## Task to complete:
The response must be made up of the lines in the entries below that contain "unfolding".

BEGIN Provided data

lemma ppp_expect_crowded_le:
  assumes "0 \<le> lam" "0 < N" and t: "0 \<le> t" "t \<le> 2 * R"
  defines "r \<equiv> unit_vol_radius TYPE('a)" and "A \<equiv> measure lebesgue Om"
  defines "V \<equiv> (sqrt (R\<^sup>2 - t\<^sup>2 / 4) / r) ^ DIM('a)"
  shows "ppp_expect lam Om (\<lambda>X. of_nat (card {x \<in> X. \<exists>y \<in> X - {x}. N \<le> real (card (X \<inter> cball x R \<inter> cball y R))}))
    \<le> ennreal (lam * A * (lam * (t / r) ^ DIM('a) + lam * (2 * R / r) ^ DIM('a) * exp (2 - N + lam * (exp 1 - 1) * V)))"
proof -
  define T where "T = (t / r) ^ DIM('a)"
  define W where "W = (2 * R / r) ^ DIM('a)"
  define B where "B = A + (exp 1 - 1) * V"
  define h where "h n = A ^ (n - 1) * T + exp (2 - N) * (A * W * B ^ (n - 2))" for n
  define g where "g n = real (n * (n - 1)) * h n" for n
  have "0 < r" "0 \<le> A" "0 \<le> exp 1 - (1::real)"
    using unit_vol_radius_pos[where 'a = 'a] exp_ge_add_one_self[of 1] by (simp_all add: r_def A_def)
  then have "0 \<le> T" "0 \<le> W" "0 \<le> B"
    using t lens_radius_nonneg[OF t] by (simp_all add: T_def W_def B_def V_def)
  then have h: "0 \<le> h n" and g: "0 \<le> g n" for n
    using \<open>0 \<le> A\<close> by (simp_all add: g_def h_def)
  have bound: "(\<integral>\<^sup>+p. of_nat (card {x \<in> p ` {..<n}. \<exists>y \<in> p ` {..<n} - {x}.
        N \<le> real (card (p ` {..<n} \<inter> cball x R \<inter> cball y R))}) \<partial>PiM {..<n} (\<lambda>_. lebesgue_on Om))
      \<le> ennreal (g n)" for n
  proof -
    have "(\<integral>\<^sup>+p. of_nat (card {x \<in> p ` {..<n}. \<exists>y \<in> p ` {..<n} - {x}.
        N \<le> real (card (p ` {..<n} \<inter> cball x R \<inter> cball y R))}) \<partial>PiM {..<n} (\<lambda>_. lebesgue_on Om))
      \<le> of_nat (n * (n - 1)) * ennreal (h n)"
      using nn_integral_card_crowded_le[OF finite_lessThan[of n] \<open>0 < N\<close> t]
      unfolding h_def T_def W_def B_def V_def A_def r_def by simp
    also have "\<dots> = ennreal (g n)"
      using h[of n] by (simp add: g_def ennreal_mult ennreal_of_nat_eq_real_of_nat)
    finally show ?thesis .
  qed
  have sums: "(\<lambda>n. lam ^ n / fact n * g n)
      sums (A * T * (lam\<^sup>2 * exp (lam * A)) + exp (2 - N) * A * W * (lam\<^sup>2 * exp (lam * B)))"
    unfolding g_def h_def by (rule sums_pair_count_series)
  have "ppp_expect lam Om (\<lambda>X. of_nat (card {x \<in> X. \<exists>y \<in> X - {x}. N \<le> real (card (X \<inter> cball x R \<inter> cball y R))}))
    \<le> ennreal (exp (- lam * A) * (A * T * (lam\<^sup>2 * exp (lam * A)) + exp (2 - N) * A * W * (lam\<^sup>2 * exp (lam * B))))"
    using ppp_expect_le_sums[OF \<open>0 \<le> lam\<close> g bound sums] by (simp only: A_def)
  also have "exp (- lam * A) * (A * T * (lam\<^sup>2 * exp (lam * A)) + exp (2 - N) * A * W * (lam\<^sup>2 * exp (lam * B)))
      = lam * A * (lam * T + lam * W * exp (2 - N + lam * (exp 1 - 1) * V))"
    by (simp add: B_def power2_eq_square algebra_simps flip: exp_add)
  finally show ?thesis
    by (simp add: T_def W_def)
qed

end

theorem lemma2p4:
  fixes Om :: "'a::euclidean_space set"
    and d :: nat and lam Delta eta r :: real
  assumes "d = DIM('a)" and "d \<ge> 1000"
    and "bounded Om" and "Om \<in> sets lebesgue"
    and "lam = (sqrt d / (8 * ln d)) ^ d"
    and "Delta = 2 ^ d * lam"
    and "eta = exp (- ((ln (real d))\<^sup>2 / 8))"
    and "r = unit_vol_radius TYPE('a)"
  shows "ppp_expect lam Om
           (\<lambda>X. of_nat (card {x \<in> X. \<exists>y \<in> X - {x}.
                  real (card (X \<inter> cball x (2 * r) \<inter> cball y (2 * r))) \<ge> eta * Delta}))
         \<le> ennreal (1 / (2 * d)) * ppp_expect lam Om (\<lambda>X. of_nat (card X))"
proof -
  define u where "u = 3 * ln d / sqrt d"
  define A where "A = measure lebesgue Om"
  have "0 < r"
    using unit_vol_radius_pos by (simp add: assms(8))
  have "0 < lam" "0 \<le> u" "u \<le> 4"
    using ln_ge_four[of d] ln_mult_le_sqrt[of d] assms(2) by (simp_all add: assms(5) u_def field_simps)
  then have "0 < eta * Delta"
    by (simp add: assms(6,7))
  have "(2 * r)\<^sup>2 - (u * r)\<^sup>2 / 4 = r\<^sup>2 * (4 - u\<^sup>2 / 4)"
    by (simp add: power_mult_distrib algebra_simps)
  then have rescale: "u * r / r = u" "2 * (2 * r) / r = 4" "sqrt ((2 * r)\<^sup>2 - (u * r)\<^sup>2 / 4) / r = sqrt (4 - u\<^sup>2 / 4)"
    using \<open>0 < r\<close> by (simp_all add: real_sqrt_mult)
  have "ppp_expect lam Om
           (\<lambda>X. of_nat (card {x \<in> X. \<exists>y \<in> X - {x}. eta * Delta \<le> real (card (X \<inter> cball x (2 * r) \<inter> cball y (2 * r)))}))
      \<le> ennreal (lam * A * (lam * u ^ d + lam * 4 ^ d * exp (2 - eta * Delta + lam * (exp 1 - 1) * sqrt (4 - u\<^sup>2 / 4) ^ d)))"
    using ppp_expect_crowded_le[OF assms(3,4) _ \<open>0 < eta * Delta\<close>, of lam "u * r" "2 * r"] \<open>0 < lam\<close> \<open>0 \<le> u\<close> \<open>u \<le> 4\<close> \<open>0 < r\<close>
    unfolding assms(8)[symmetric] rescale by (simp add: A_def assms(1))
  also have "\<dots> \<le> ennreal (1 / (2 * d) * (lam * A))"
    using mult_left_mono[OF parameter_bound[OF assms(2,5,6,7)], of "lam * A"] \<open>0 < lam\<close>
    by (intro ennreal_leI) (simp add: A_def u_def mult_ac)
  also have "\<dots> = ennreal (1 / (2 * d)) * ppp_expect lam Om (\<lambda>X. of_nat (card X))"
    using ppp_expect_card[OF assms(3,4), of lam] \<open>0 < lam\<close> by (simp add: A_def ennreal_mult[symmetric])
  finally show ?thesis .
qed

end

END Provided data

## Response for this exercise:
      unfolding h_def T_def W_def B_def V_def A_def r_def by simp
    unfolding g_def h_def by (rule sums_pair_count_series)
    unfolding assms(8)[symmetric] rescale by (simp add: A_def assms(1))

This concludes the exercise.